How To Save the World: Bolton v Gore
Two years after Bjorn Lomborg came up with his Copenhagen Consensus and but just one month after I wrote about it (coincidence? I think not), the US ambassador to the UN, John Bolton (not to be confused with Michael Bolton or Wilford Brimley and no, that's not a "Got Milk" photo), decided to do a similar exercise.
Too often at the UN, said Mr Bolton, “everything is a priority”. The secretary-general is charged with carrying out 9,000 mandates, he said, and when you have 9,000 priorities you have none.I agree that prioritization is important, and this was a good exercise to go through. I think it is a little misleading to say climate change isn't important just because it isn't a priority for the UN as the changes that would need to occur to go after global warming: gasoline tax, carbon tax/cap and trade system, research funding for alternative energy and carbon sequestering, are not really in the jurisdiction of the UN. On the other hand, I would agree that right now the places you can get the most bang for your buck helping the world are health and education.
So, over the weekend, Mr Bolton sat down with UN diplomats from seven other countries, including China and India but no Europeans, to rank 40 ways of tackling ten global crises. The problems addressed were climate change, communicable diseases, war, education, financial instability, governance, malnutrition, migration, clean water and trade barriers.

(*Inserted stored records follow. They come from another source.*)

(* For integers $\ell\ge0$ and $a\in\mathbb{C}$ define the polynomial in $s$ \[ P_{\ell}(s,a)=\begin{cases}\dfrac{2^{\ell+1}}{(2\ell+1)!!}s^{2\ell+1}, & a=0,\\[8pt] \Bigl(-\dfrac{2}{a}\Bigr)^{\ell+1}\displaystyle\sum_{k=0}^{\ell}c^{(\ell)}_k a^{-k}s^{\ell-k}, & a\ne0,\end{cases} \] where $c^{(\ell)}_0=1$ and $c^{(\ell)}_k=\frac{1}{2^k k!}\prod_{j=1-k}^{k}(\ell+j)$ for $1\le k\le\ell$. Then for $s\neq0$, \[ \frac{\partial}{\partial s}\Bigl(\frac{1}{2s}\frac{\partial}{\partial s}\Bigr)^{\ell}\bigl\{e^{-as}P_{\ell}(s,a)\bigr\}=2e^{-as}. \]
   Context: $(2\ell+1)!!=1\cdot3\cdots(2\ell+1)$. The operator $\bigl(\frac{1}{2s}\frac{\partial}{\partial s}\bigr)^{\ell}$ means $\ell$-fold application of $f\mapsto\frac{1}{2s}f'$. *)

theory Defs
  imports "HOL-Analysis.Analysis"
begin

text \<open>Odd double factorial: odd_dfact m = (2m+1)!! = 1 * 3 * ... * (2m+1).\<close>
definition odd_dfact :: "nat \<Rightarrow> nat" where
  "odd_dfact m = (\<Prod>i\<le>m. 2 * i + 1)"

definition cco :: "nat \<Rightarrow> nat \<Rightarrow> complex" where
  "cco l k = (if k = 0 then 1
     else (\<Prod>j\<in>{1 - int k..int k}. of_int (int l + j)) / (2 ^ k * fact k))"

definition Ppoly :: "nat \<Rightarrow> complex \<Rightarrow> complex \<Rightarrow> complex" where
  "Ppoly l s a = (if a = 0
     then 2 ^ (l + 1) / of_nat (odd_dfact l) * s ^ (2 * l + 1)
     else (- 2 / a) ^ (l + 1) * (\<Sum>k\<le>l. cco l k * inverse a ^ k * s ^ (l - k)))"

definition Dop :: "(complex \<Rightarrow> complex) \<Rightarrow> complex \<Rightarrow> complex" where
  "Dop f = (\<lambda>s. deriv f s / (2 * s))"

end

theory Submission
  imports Defs
begin

(*
  Write G_l(t) = exp(-a t) P_l(t,a). Everything rests on the ladder identity
  G_(l+1)'(t) = 2 t G_l(t): the operator f |-> f'/(2t) lowers the index by one on the
  open set t ~= 0, so l applications turn G_l into G_0, whose derivative is 2 exp(-a t).

  For a = 0 the ladder identity is (2l+3)!! = (2l+1)!! (2l+3). For a ~= 0 and b = 1/a,
  P_l is (-2/a)^(l+1) times S_l(t) = sum_k c_k^(l) b^k t^(l-k), the homogenised reverse
  Bessel polynomial b^l theta_l(t/b), and the identity becomes S_(l+1) - b S_(l+1)' = t S_l.
  Comparing coefficients, this is c_(k+1)^(l+1) - c_(k+1)^(l) = (l+1-k) c_k^(l+1), which is
  immediate once c_k^(l) is written as the rising factorial (l+1-k)^(2k) / (2^k k!).
*)

lemma cco_eq_pochhammer:
  "cco l k = pochhammer (of_int (int l + 1 - int k)) (2 * k) / (2 ^ k * fact k)"
proof -
  have "(\<Prod>j\<in>{1 - int k..int k}. of_int (int l + j)) =
        (\<Prod>i<2 * k. of_int (int l + 1 - int k) + (of_nat i :: complex))"
    by (rule prod.reindex_bij_witness[of _ "\<lambda>i. int i + 1 - int k" "\<lambda>j. nat (j - 1 + int k)"])
       auto
  then show ?thesis
    by (simp add: cco_def pochhammer_prod atLeast0LessThan)
qed

lemma cco_Suc_self: "cco l (Suc l) = 0"
  by (simp add: cco_eq_pochhammer pochhammer_0_left)

lemma pochhammer_Suc_Suc_diff:
  fixes x :: "'a :: comm_ring_1"
  shows "pochhammer x (Suc (Suc n)) - pochhammer (x - 1) (Suc (Suc n))
       = of_nat (Suc (Suc n)) * x * pochhammer (x + 1) n"
proof -
  have "pochhammer x (Suc (Suc n)) = x * (pochhammer (x + 1) n * (x + 1 + of_nat n))"
    by (simp only: pochhammer_rec[of x "Suc n"] pochhammer_Suc[of "x + 1" n])
  moreover have "pochhammer (x - 1) (Suc (Suc n)) = (x - 1) * (x * pochhammer (x + 1) n)"
    by (simp only: pochhammer_rec[of "x - 1"] pochhammer_rec[of x] diff_add_cancel)
  ultimately show ?thesis
    by (simp add: algebra_simps)
qed

lemma cco_Suc_diff:
  "cco (Suc l) (Suc k) - cco l (Suc k) = of_int (int l + 1 - int k) * cco (Suc l) k"
proof -
  define x :: complex where "x = of_int (int l + 1 - int k)"
  have shifts: "of_int (int (Suc l) + 1 - int (Suc k)) = x"
    "of_int (int l + 1 - int (Suc k)) = x - 1" "of_int (int (Suc l) + 1 - int k) = x + 1"
    by (simp_all add: x_def)
  have "cco (Suc l) (Suc k) - cco l (Suc k)
      = (pochhammer x (Suc (Suc (2 * k))) - pochhammer (x - 1) (Suc (Suc (2 * k))))
        / (2 ^ Suc k * fact (Suc k))"
    unfolding cco_eq_pochhammer shifts by (simp add: diff_divide_distrib)
  also have "\<dots> = x * (pochhammer (x + 1) (2 * k) / (2 ^ k * fact k))"
  proof -
    define m :: complex where "m = of_nat (Suc k)"
    have "m \<noteq> 0"
      unfolding m_def by (rule of_nat_neq_0)
    moreover have "of_nat (Suc (Suc (2 * k))) = 2 * m" "fact (Suc k) = m * fact k"
      by (simp_all add: m_def)
    ultimately show ?thesis
      unfolding pochhammer_Suc_Suc_diff by (simp add: field_simps)
  qed
  also have "\<dots> = x * cco (Suc l) k"
    unfolding cco_eq_pochhammer shifts ..
  finally show ?thesis
    by (simp only: x_def)
qed

definition bessel_sum :: "nat \<Rightarrow> complex \<Rightarrow> complex \<Rightarrow> complex" where
  "bessel_sum n b t = (\<Sum>k\<le>n. cco n k * b ^ k * t ^ (n - k))"

lemma has_field_derivative_bessel_sum:
  "(bessel_sum n b has_field_derivative
     (\<Sum>k\<le>n. cco n k * b ^ k * (of_nat (n - k) * t ^ (n - k - 1)))) (at t)"
proof -
  have "((\<lambda>x. x ^ m) has_field_derivative of_nat m * t ^ (m - 1)) (at t)" for m
    using DERIV_power[OF DERIV_ident, of m t] by simp
  then show ?thesis
    unfolding bessel_sum_def [abs_def] by (intro DERIV_sum DERIV_cmult)
qed

lemma bessel_sum_Suc_minus_deriv:
  "bessel_sum (Suc n) b t - b * deriv (bessel_sum (Suc n) b) t = t * bessel_sum n b t"
proof -
  let ?term = "\<lambda>c k. c * b ^ Suc k * t ^ (n - k)"
  have lhs: "bessel_sum (Suc n) b t = t ^ Suc n + (\<Sum>k\<le>n. ?term (cco (Suc n) (Suc k)) k)"
    unfolding bessel_sum_def by (subst sum.atMost_Suc_shift) (simp add: cco_def)
  have "b * deriv (bessel_sum (Suc n) b) t
      = (\<Sum>k\<le>Suc n. cco (Suc n) k * b ^ Suc k * (of_nat (Suc n - k) * t ^ (n - k)))"
    by (simp add: DERIV_imp_deriv[OF has_field_derivative_bessel_sum] sum_distrib_left
        algebra_simps)
  also have "\<dots> = (\<Sum>k\<le>n. ?term (of_int (int n + 1 - int k) * cco (Suc n) k) k)"
    by (simp add: algebra_simps)
  finally have deriv_term: "b * deriv (bessel_sum (Suc n) b) t
      = (\<Sum>k\<le>n. ?term (of_int (int n + 1 - int k) * cco (Suc n) k) k)" .
  have "t * bessel_sum n b t = (\<Sum>k\<le>Suc n. cco n k * b ^ k * t ^ (Suc n - k))"
    by (simp add: bessel_sum_def sum_distrib_left Suc_diff_le algebra_simps cco_Suc_self)
  also have "\<dots> = t ^ Suc n + (\<Sum>k\<le>n. ?term (cco n (Suc k)) k)"
    by (subst sum.atMost_Suc_shift) (simp add: cco_def)
  finally have rhs: "t * bessel_sum n b t = t ^ Suc n + (\<Sum>k\<le>n. ?term (cco n (Suc k)) k)" .
  have "(\<Sum>k\<le>n. ?term (cco (Suc n) (Suc k)) k)
      - (\<Sum>k\<le>n. ?term (of_int (int n + 1 - int k) * cco (Suc n) k) k)
      = (\<Sum>k\<le>n. ?term (cco n (Suc k)) k)"
    unfolding sum_subtractf[symmetric]
    by (intro sum.cong refl) (simp only: cco_Suc_diff[symmetric], simp add: algebra_simps)
  then show ?thesis
    unfolding lhs deriv_term rhs by (simp add: algebra_simps)
qed

lemma odd_dfact_Suc: "odd_dfact (Suc m) = odd_dfact m * (2 * Suc m + 1)"
  by (simp add: odd_dfact_def algebra_simps)

lemma odd_dfact_neq_0: "odd_dfact m \<noteq> 0"
  by (simp add: odd_dfact_def)

lemma has_field_derivative_Ppoly_Suc_0:
  "((\<lambda>t. Ppoly (Suc l) t 0) has_field_derivative 2 * t * Ppoly l t 0) (at t)"
proof -
  define D :: complex where "D = of_nat (odd_dfact l)"
  define E :: complex where "E = of_nat (2 * Suc l + 1)"
  define C where "C = 2 ^ (l + 2) / (D * E)"
  have "D \<noteq> 0" "E \<noteq> 0"
    unfolding D_def E_def of_nat_eq_0_iff using odd_dfact_neq_0 by simp_all
  have Ppoly_Suc: "(\<lambda>t. Ppoly (Suc l) t 0) = (\<lambda>t. C * t ^ (2 * Suc l + 1))"
    by (simp add: Ppoly_def odd_dfact_Suc C_def D_def E_def algebra_simps)
  have derivative_value: "C * (E * t ^ (2 * Suc l)) = 2 * t * Ppoly l t 0"
    using \<open>D \<noteq> 0\<close> \<open>E \<noteq> 0\<close> by (simp add: Ppoly_def C_def D_def [symmetric] field_simps)
  have "((\<lambda>t. C * t ^ (2 * Suc l + 1)) has_field_derivative C * (E * t ^ (2 * Suc l))) (at t)"
    using DERIV_cmult[OF DERIV_power[OF DERIV_ident, of "2 * Suc l + 1" t]] by (simp add: E_def)
  then show ?thesis
    unfolding Ppoly_Suc derivative_value .
qed

lemma Ppoly_eq_bessel_sum:
  "a \<noteq> 0 \<Longrightarrow> Ppoly n t a = (- 2 / a) ^ Suc n * bessel_sum n (inverse a) t"
  by (simp add: Ppoly_def bessel_sum_def)

lemma has_field_derivative_exp_Ppoly_Suc:
  "((\<lambda>t. exp (- a * t) * Ppoly (Suc l) t a) has_field_derivative
     2 * t * (exp (- a * t) * Ppoly l t a)) (at t)"
proof (cases "a = 0")
  case True
  then show ?thesis
    using has_field_derivative_Ppoly_Suc_0[of l t] by simp
next
  case False
  define b where "b = inverse a"
  define S where "S = bessel_sum (Suc l) b"
  have "(S has_field_derivative deriv S t) (at t)"
    unfolding S_def by (metis DERIV_imp_deriv has_field_derivative_bessel_sum)
  moreover have "((\<lambda>t. exp (- a * t)) has_field_derivative exp (- a * t) * (- a)) (at t)"
    by (auto intro!: derivative_eq_intros)
  ultimately have "((\<lambda>t. exp (- a * t) * ((- 2 / a) ^ Suc (Suc l) * S t)) has_field_derivative
      exp (- a * t) * (- a) * ((- 2 / a) ^ Suc (Suc l) * S t)
      + (- 2 / a) ^ Suc (Suc l) * deriv S t * exp (- a * t)) (at t)"
    by (intro DERIV_mult DERIV_cmult)
  also have "exp (- a * t) * (- a) * ((- 2 / a) ^ Suc (Suc l) * S t)
      + (- 2 / a) ^ Suc (Suc l) * deriv S t * exp (- a * t)
      = 2 * exp (- a * t) * (- 2 / a) ^ Suc l * (S t - b * deriv S t)"
    using False by (simp add: b_def field_simps)
  also have "S t - b * deriv S t = t * bessel_sum l b t"
    unfolding S_def by (rule bessel_sum_Suc_minus_deriv)
  also have "2 * exp (- a * t) * (- 2 / a) ^ Suc l * (t * bessel_sum l b t)
      = 2 * t * (exp (- a * t) * Ppoly l t a)"
    using False by (simp add: Ppoly_eq_bessel_sum b_def)
  also have "(\<lambda>t. exp (- a * t) * ((- 2 / a) ^ Suc (Suc l) * S t))
      = (\<lambda>t. exp (- a * t) * Ppoly (Suc l) t a)"
    using False by (simp add: Ppoly_eq_bessel_sum S_def b_def)
  finally show ?thesis .
qed

lemma has_field_derivative_exp_Ppoly_0:
  "((\<lambda>t. exp (- a * t) * Ppoly 0 t a) has_field_derivative 2 * exp (- a * t)) (at t)"
proof (cases "a = 0")
  case True
  then show ?thesis
    by (auto simp: Ppoly_def odd_dfact_def intro!: derivative_eq_intros)
next
  case False
  then show ?thesis
    by (auto simp: Ppoly_def cco_def intro!: derivative_eq_intros)
qed

lemma Dop_exp_Ppoly_Suc:
  "t \<noteq> 0 \<Longrightarrow> Dop (\<lambda>t. exp (- a * t) * Ppoly (Suc l) t a) t = exp (- a * t) * Ppoly l t a"
  unfolding Dop_def DERIV_imp_deriv [OF has_field_derivative_exp_Ppoly_Suc] by simp

lemma funpow_Dop_cong_on_open:
  assumes "open S" and "\<And>x. x \<in> S \<Longrightarrow> f x = g x" and "x \<in> S"
  shows "(Dop ^^ n) f x = (Dop ^^ n) g x"
  using \<open>x \<in> S\<close>
proof (induction n arbitrary: x)
  case 0
  then show ?case
    using assms(2) by simp
next
  case (Suc n)
  have "eventually (\<lambda>y. (Dop ^^ n) f y = (Dop ^^ n) g y) (nhds x)"
    using eventually_nhds_in_open [OF \<open>open S\<close> Suc.prems] by (rule eventually_mono) (rule Suc.IH)
  then have "deriv ((Dop ^^ n) f) x = deriv ((Dop ^^ n) g) x"
    by (rule deriv_cong_ev [OF _ refl])
  then show ?case
    by (simp add: Dop_def [of "(Dop ^^ n) f"] Dop_def [of "(Dop ^^ n) g"])
qed

lemma funpow_Dop_descend:
  assumes "open S" and "\<And>n t. t \<in> S \<Longrightarrow> Dop (F (Suc n)) t = F n t" and "t \<in> S"
  shows "(Dop ^^ n) (F (m + n)) t = F m t"
  using \<open>t \<in> S\<close>
proof (induction n arbitrary: t)
  case 0
  then show ?case
    by simp
next
  case (Suc n)
  have "(Dop ^^ Suc n) (F (m + Suc n)) t = (Dop ^^ n) (Dop (F (Suc (m + n)))) t"
    by (simp add: funpow_Suc_right del: funpow.simps)
  also have "\<dots> = (Dop ^^ n) (F (m + n)) t"
    using \<open>open S\<close> assms(2) Suc.prems by (rule funpow_Dop_cong_on_open)
  also have "\<dots> = F m t"
    using Suc.prems by (rule Suc.IH)
  finally show ?case .
qed

theorem mainTheorem7:
  fixes l :: nat and a s :: complex
  assumes "s \<noteq> 0"
  shows "deriv ((Dop ^^ l) (\<lambda>t. exp (- a * t) * Ppoly l t a)) s = 2 * exp (- a * s)"
proof -
  define F where "F n t = exp (- a * t) * Ppoly n t a" for n t
  have open_punctured: "open (- {0 :: complex})"
    by (simp add: open_Compl)
  have "(Dop ^^ l) (F (0 + l)) t = F 0 t" if "t \<in> - {0}" for t
    by (rule funpow_Dop_descend [OF open_punctured _ that]) (unfold F_def, rule Dop_exp_Ppoly_Suc, simp)
  moreover have "eventually (\<lambda>t. t \<in> - {0}) (nhds s)"
    using assms by (intro eventually_nhds_in_open open_punctured) simp
  ultimately have "eventually (\<lambda>t. (Dop ^^ l) (F l) t = F 0 t) (nhds s)"
    by (auto elim!: eventually_mono)
  then have "deriv ((Dop ^^ l) (F l)) s = deriv (F 0) s"
    by (simp add: deriv_cong_ev)
  also have "\<dots> = 2 * exp (- a * s)"
    unfolding F_def by (rule DERIV_imp_deriv [OF has_field_derivative_exp_Ppoly_0])
  finally show ?thesis
    by (simp add: F_def [abs_def])
qed

end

Given a notional $50 billion, how would the ambassadors spend it to make the world a better place? Their conclusions were strikingly similar to the Copenhagen Consensus. After hearing presentations from experts on each problem, they drew up a list of priorities. The top four were basic health care, better water and sanitation, more schools and better nutrition for children. Averting climate change came last.